Problem requirements: All that is wanted is the exact text of each line from the one with "b [], Fun a []])))" to the close of the listing, ends included.
[[ Information supplied, beginning ]]
(* Let $h$ be a binary function symbol interpreted as associative and idempotent, let $a,b$ be distinct free constants, and let $x$ be a variable. Let $\mathcal{W}(x,\{a,b\})$ be the set of terms of the form $h(x,s_1,\ldots,s_n,x)$ with $n\ge 0$ and each $s_i\in\{x,a,b\}$. Then every $t\in\mathcal{W}(x,\{a,b\})$ is an $AI$-generalization of $h(a,b)$ and $h(b,a)$, i.e. $\mathcal{W}(x,\{a,b\})\subseteq \mathcal{G}_{AI}(h(a,b),h(b,a))$.
   Context: Terms are built from a countable set of variables and a set of function symbols with fixed arities; substitutions map variables to terms, are the identity on all but finitely many variables, and are extended homomorphically to terms (written postfix, $t\sigma$). $AI$ denotes the equational theory generated by $h(x,h(y,z)) = h(h(x,y),z)$ and $h(x,x)=x$ (all other symbols free), and $s\approx_{AI} t$ means $s=t$ holds in every model of these axioms. Because $h$ is associative, $h(u_1,\ldots,u_m)$ for $m\ge2$ denotes the flattened $h$-product of $u_1,\ldots,u_m$. A term $r$ is an $AI$-generalization of terms $s$ and $t$ if there exist substitutions $\sigma,\tau$ with $r\sigma\approx_{AI} s$ and $r\tau\approx_{AI} t$; $\mathcal{G}_{AI}(s,t)$ is the set of all such $r$. *)

theory Defs
  imports Main
begin

datatype ('f, 'v) trm = Var 'v | Fun 'f "('f, 'v) trm list"

fun wf_trm :: "('f \<Rightarrow> nat) \<Rightarrow> ('f, 'v) trm \<Rightarrow> bool" where
  "wf_trm ar (Var x) = True"
| "wf_trm ar (Fun f ts) = (length ts = ar f \<and> (\<forall>t \<in> set ts. wf_trm ar t))"

fun subst_apply :: "('f, 'v) trm \<Rightarrow> ('v \<Rightarrow> ('f, 'v) trm) \<Rightarrow> ('f, 'v) trm" where
  "subst_apply (Var x) \<sigma> = \<sigma> x"
| "subst_apply (Fun f ts) \<sigma> = Fun f (map (\<lambda>t. subst_apply t \<sigma>) ts)"

definition is_subst :: "('f \<Rightarrow> nat) \<Rightarrow> ('v \<Rightarrow> ('f, 'v) trm) \<Rightarrow> bool" where
  "is_subst ar \<sigma> \<longleftrightarrow> finite {x. \<sigma> x \<noteq> Var x} \<and> (\<forall>x. wf_trm ar (\<sigma> x))"

inductive ai_eq :: "'f \<Rightarrow> ('f, 'v) trm \<Rightarrow> ('f, 'v) trm \<Rightarrow> bool" for h :: 'f where
  assoc: "ai_eq h (Fun h [s, Fun h [t, u]]) (Fun h [Fun h [s, t], u])"
| idem: "ai_eq h (Fun h [s, s]) s"
| refl: "ai_eq h t t"
| sym: "ai_eq h s t \<Longrightarrow> ai_eq h t s"
| trans: "ai_eq h s t \<Longrightarrow> ai_eq h t u \<Longrightarrow> ai_eq h s u"
| cong: "list_all2 (ai_eq h) ss ts \<Longrightarrow> ai_eq h (Fun f ss) (Fun f ts)"

definition gen_AI :: "('f \<Rightarrow> nat) \<Rightarrow> 'f \<Rightarrow> ('f, 'v) trm \<Rightarrow> ('f, 'v) trm \<Rightarrow> ('f, 'v) trm set" where
  "gen_AI ar h s t = {r. wf_trm ar r \<and> (\<exists>\<sigma> \<tau>. is_subst ar \<sigma> \<and> is_subst ar \<tau> \<and>
      ai_eq h (subst_apply r \<sigma>) s \<and> ai_eq h (subst_apply r \<tau>) t)}"

text \<open>Flattened h-product h(u_1,...,u_m) (right-nested; for m = 1 just u_1).\<close>
fun hprod :: "'f \<Rightarrow> ('f, 'v) trm list \<Rightarrow> ('f, 'v) trm" where
  "hprod h [] = undefined"
| "hprod h [u] = u"
| "hprod h (u # us) = Fun h [u, hprod h us]"

definition W_set :: "'f \<Rightarrow> 'v \<Rightarrow> 'f \<Rightarrow> 'f \<Rightarrow> ('f, 'v) trm set" where
  "W_set h x a b = {hprod h ([Var x] @ ss @ [Var x]) | ss.
      set ss \<subseteq> {Var x, Fun a [], Fun b []}}"

end

theory Submission
  imports Defs
begin

text \<open>Under the substitution \<open>x \<mapsto> h(a,b)\<close> a term of \<open>W(x,{a,b})\<close> becomes, after flattening,
  the word \<open>ab w ab\<close> for some word \<open>w\<close> over \<open>{a,b}\<close>. In a band (associative and idempotent)
  every product \<open>ab w\<close> equals \<open>ab\<close> or \<open>aba\<close>, as appending \<open>a\<close> or \<open>b\<close> maps this two-element
  set into itself; hence \<open>ab w ab\<close> equals \<open>abab = ab\<close> or \<open>abaab = ab\<close>. The substitution
  \<open>x \<mapsto> h(b,a)\<close> is handled by the same argument with \<open>a\<close> and \<open>b\<close> swapped.\<close>

declare ai_eq.trans[trans]

abbreviation ai_eq_hprod :: "'f \<Rightarrow> ('f, 'v) trm list \<Rightarrow> ('f, 'v) trm list \<Rightarrow> bool" where
  "ai_eq_hprod h us vs \<equiv> ai_eq h (hprod h us) (hprod h vs)"

lemma ai_eq_Fun2: "ai_eq h s s' \<Longrightarrow> ai_eq h t t' \<Longrightarrow> ai_eq h (Fun f [s, t]) (Fun f [s', t'])"
  by (rule ai_eq.cong) simp

lemma hprod_Cons: "us \<noteq> [] \<Longrightarrow> hprod h (u # us) = Fun h [u, hprod h us]"
  by (cases us) auto

lemma ai_eq_hprod_append:
  assumes "xs \<noteq> []" and "ys \<noteq> []"
  shows "ai_eq h (hprod h (xs @ ys)) (Fun h [hprod h xs, hprod h ys])"
  using assms(1)
proof (induction xs)
  case Nil
  then show ?case by simp
next
  case (Cons u xs)
  show ?case
  proof (cases "xs = []")
    case True
    then show ?thesis using assms(2) by (simp add: hprod_Cons ai_eq.refl)
  next
    case False
    have "hprod h ((u # xs) @ ys) = Fun h [u, hprod h (xs @ ys)]"
      using assms(2) by (simp add: hprod_Cons)
    also have "ai_eq h \<dots> (Fun h [u, Fun h [hprod h xs, hprod h ys]])"
      using Cons.IH False by (intro ai_eq_Fun2 ai_eq.refl)
    also have "ai_eq h \<dots> (Fun h [Fun h [u, hprod h xs], hprod h ys])"
      by (rule ai_eq.assoc)
    also have "Fun h [u, hprod h xs] = hprod h (u # xs)"
      using False by (simp add: hprod_Cons)
    finally show ?thesis .
  qed
qed

lemma ai_eq_hprod_append_cong:
  assumes "ai_eq_hprod h us us'" and "ai_eq_hprod h vs vs'"
    and "us \<noteq> []" and "us' \<noteq> []" and "vs \<noteq> []" and "vs' \<noteq> []"
  shows "ai_eq_hprod h (us @ vs) (us' @ vs')"
proof -
  have "ai_eq h (hprod h (us @ vs)) (Fun h [hprod h us, hprod h vs])"
    using assms by (simp add: ai_eq_hprod_append)
  also have "ai_eq h \<dots> (Fun h [hprod h us', hprod h vs'])"
    using assms by (intro ai_eq_Fun2)
  also have "ai_eq h \<dots> (hprod h (us' @ vs'))"
    using assms by (simp add: ai_eq_hprod_append ai_eq.sym)
  finally show ?thesis .
qed

lemma ai_eq_hprod_idem:
  assumes "us \<noteq> []"
  shows "ai_eq_hprod h (us @ us) us"
  using ai_eq.trans[OF ai_eq_hprod_append[OF assms assms] ai_eq.idem] .

lemma ai_eq_hprod_concat:
  "\<lbrakk>Ls \<noteq> []; \<forall>l \<in> set Ls. l \<noteq> []\<rbrakk> \<Longrightarrow> ai_eq h (hprod h (map (hprod h) Ls)) (hprod h (concat Ls))"
proof (induction Ls)
  case Nil
  then show ?case by simp
next
  case (Cons l Ls)
  show ?case
  proof (cases "Ls = []")
    case True
    then show ?thesis by (simp add: ai_eq.refl)
  next
    case False
    have "concat Ls \<noteq> []"
      using False Cons.prems by (cases Ls) auto
    then show ?thesis
      using ai_eq_hprod_append_cong[of h "[hprod h l]" l "map (hprod h) Ls" "concat Ls"]
        Cons False by (simp add: ai_eq.refl)
  qed
qed

lemma ai_eq_hprod_drop_square:
  assumes "p \<noteq> []"
  shows "ai_eq_hprod h (p @ [s, s] @ q) (p @ [s] @ q)"
proof -
  have "ai_eq_hprod h ([s, s] @ q) ([s] @ q)"
  proof (cases "q = []")
    case False
    then show ?thesis
      using ai_eq_hprod_append_cong[of h "[s, s]" "[s]" q q] by (simp add: ai_eq.idem ai_eq.refl)
  qed (simp add: ai_eq.idem)
  then show ?thesis
    using ai_eq_hprod_append_cong[of h p p "[s, s] @ q" "[s] @ q"] assms by (simp add: ai_eq.refl)
qed

lemma ai_eq_hprod_pair_append_cases:
  assumes "set w \<subseteq> {s, t}"
  shows "ai_eq_hprod h ([s, t] @ w) [s, t] \<or> ai_eq_hprod h ([s, t] @ w) [s, t, s]"
  using assms
proof (induction w rule: rev_induct)
  case Nil
  then show ?case by (simp add: ai_eq.refl)
next
  case (snoc c w)
  have step: "ai_eq_hprod h ([s, t] @ w @ [c]) (u @ [c])"
    if "ai_eq_hprod h ([s, t] @ w) u" "u \<noteq> []" for u
    using ai_eq_hprod_append_cong[OF that(1) ai_eq.refl] that(2) by simp
  have c: "c = s \<or> c = t"
    using snoc.prems by auto
  from snoc consider
      (st) "ai_eq_hprod h ([s, t] @ w) [s, t]" | (sts) "ai_eq_hprod h ([s, t] @ w) [s, t, s]"
    by auto
  then show ?case
  proof cases
    case st
    show ?thesis
      using c
    proof
      assume "c = s"
      then show ?thesis using step[OF st] by simp
    next
      assume "c = t"
      then have "ai_eq_hprod h ([s, t] @ w @ [c]) ([s] @ [t, t] @ [])"
        using step[OF st] by simp
      also have "ai_eq h \<dots> (hprod h ([s] @ [t] @ []))"
        by (rule ai_eq_hprod_drop_square) simp
      finally show ?thesis by simp
    qed
  next
    case sts
    show ?thesis
      using c
    proof
      assume "c = s"
      then have "ai_eq_hprod h ([s, t] @ w @ [c]) ([s, t] @ [s, s] @ [])"
        using step[OF sts] by simp
      also have "ai_eq h \<dots> (hprod h ([s, t] @ [s] @ []))"
        by (rule ai_eq_hprod_drop_square) simp
      finally show ?thesis by simp
    next
      assume "c = t"
      then have "ai_eq_hprod h ([s, t] @ w @ [c]) ([s, t] @ [s, t])"
        using step[OF sts] by simp
      also have "ai_eq h \<dots> (hprod h [s, t])"
        by (rule ai_eq_hprod_idem) simp
      finally show ?thesis by simp
    qed
  qed
qed

lemma ai_eq_hprod_pair_sandwich:
  assumes "set w \<subseteq> {s, t}"
  shows "ai_eq_hprod h ([s, t] @ w @ [s, t]) [s, t]"
proof -
  have st_st: "ai_eq_hprod h ([s, t] @ [s, t]) [s, t]"
    by (rule ai_eq_hprod_idem) simp
  have "ai_eq_hprod h ([s, t] @ [s, s] @ [t]) ([s, t] @ [s] @ [t])"
    by (rule ai_eq_hprod_drop_square) simp
  also have "ai_eq h \<dots> (hprod h [s, t])"
    using st_st by simp
  finally have sts_st: "ai_eq_hprod h ([s, t, s] @ [s, t]) [s, t]"
    by simp
  from ai_eq_hprod_pair_append_cases[OF assms, of h] obtain u
    where u: "ai_eq_hprod h ([s, t] @ w) u" and u_cases: "u = [s, t] \<or> u = [s, t, s]"
    by blast
  have "ai_eq_hprod h ([s, t] @ w @ [s, t]) (u @ [s, t])"
    using ai_eq_hprod_append_cong[OF u ai_eq.refl] u_cases by auto
  also have "ai_eq h \<dots> (hprod h [s, t])"
    using u_cases st_st sts_st by auto
  finally show ?thesis .
qed

lemma subst_apply_hprod:
  "ts \<noteq> [] \<Longrightarrow> subst_apply (hprod h ts) \<sigma> = hprod h (map (\<lambda>t. subst_apply t \<sigma>) ts)"
  by (induction h ts rule: hprod.induct) auto

lemma wf_trm_hprod:
  "\<lbrakk>ts \<noteq> []; ar h = 2; \<forall>t \<in> set ts. wf_trm ar t\<rbrakk> \<Longrightarrow> wf_trm ar (hprod h ts)"
  by (induction h ts rule: hprod.induct) auto

lemma ai_eq_subst_W_word:
  assumes ss: "set ss \<subseteq> {Var x, Fun a [], Fun b []}"
  shows "ai_eq h (subst_apply (hprod h ([Var x] @ ss @ [Var x])) (Var(x := Fun h [Fun a [], Fun b []])))
           (Fun h [Fun a [], Fun b []])"
proof -
  define \<sigma> where "\<sigma> = Var(x := Fun h [Fun a [], Fun b []])"
  define word where "word u = (if u = Var x then [Fun a [], Fun b []] else [u])" for u
  have "subst_apply (hprod h ([Var x] @ ss @ [Var x])) \<sigma>
      = hprod h (map (\<lambda>u. subst_apply u \<sigma>) ([Var x] @ ss @ [Var x]))"
    by (simp add: subst_apply_hprod)
  also have "map (\<lambda>u. subst_apply u \<sigma>) ([Var x] @ ss @ [Var x])
      = map (hprod h) (map word ([Var x] @ ss @ [Var x]))"
    using ss by (auto simp: \<sigma>_def word_def)
  also have "ai_eq h (hprod h \<dots>) (hprod h (concat (map word ([Var x] @ ss @ [Var x]))))"
    by (rule ai_eq_hprod_concat) (auto simp: word_def)
  also have "concat (map word ([Var x] @ ss @ [Var x]))
      = [Fun a [], Fun b []] @ concat (map word ss) @ [Fun a [], Fun b []]"
    by (simp add: word_def)
  also have "ai_eq h (hprod h \<dots>) (hprod h [Fun a [], Fun b []])"
    by (rule ai_eq_hprod_pair_sandwich) (use ss in \<open>auto simp: word_def split: if_splits\<close>)
  finally show ?thesis
    unfolding \<sigma>_def by (simp add: fun_upd_def)
qed

lemma is_subst_single:
  "wf_trm ar t \<Longrightarrow> is_subst ar (Var(x := t))"
  unfolding is_subst_def by (auto intro: finite_subset[of _ "{x}"])

theorem corollary1:
  fixes ar :: "'f \<Rightarrow> nat" and h a b :: 'f and x :: 'v
  assumes "ar h = 2" and "ar a = 0" and "ar b = 0"
    and "a \<noteq> b" and "h \<noteq> a" and "h \<noteq> b"
  shows "W_set h x a b \<subseteq>
    gen_AI ar h (Fun h [Fun a [], Fun b []]) (Fun h [Fun b [], Fun a []])"
proof
  fix r assume "r \<in> W_set h x a b"
  then obtain ss where r: "r = hprod h ([Var x] @ ss @ [Var x])"
    and ss: "set ss \<subseteq> {Var x, Fun a [], Fun b []}"
    unfolding W_set_def by blast
  have "wf_trm ar r"
    unfolding r by (rule wf_trm_hprod) (use ss assms in auto)
  moreover have "is_subst ar (Var(x := Fun h [Fun a [], Fun b []]))"
    and "is_subst ar (Var(x := Fun h [Fun b [], Fun a []]))"
    using assms by (simp_all add: is_subst_single)
  moreover have "ai_eq h (subst_apply r (Var(x := Fun h [Fun a [], Fun b []])))
      (Fun h [Fun a [], Fun b []])"
    unfolding r using ss by (rule ai_eq_subst_W_word)
  moreover have "ai_eq h (subst_apply r (Var(x := Fun h [Fun b [], Fun a []])))
      (Fun h [Fun b [], Fun a []])"
    unfolding r using ss by (intro ai_eq_subst_W_word) auto
  ultimately show "r \<in> gen_AI ar h (Fun h [Fun a [], Fun b []]) (Fun h [Fun b [], Fun a []])"
    unfolding gen_AI_def by blast
qed

end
[[ Information supplied, end ]]
Your solution:
  moreover have "ai_eq h (subst_apply r (Var(x := Fun h [Fun b [], Fun a []])))
      (Fun h [Fun b [], Fun a []])"
    unfolding r using ss by (intro ai_eq_subst_W_word) auto
  ultimately show "r \<in> gen_AI ar h (Fun h [Fun a [], Fun b []]) (Fun h [Fun b [], Fun a []])"
    unfolding gen_AI_def by blast
qed

end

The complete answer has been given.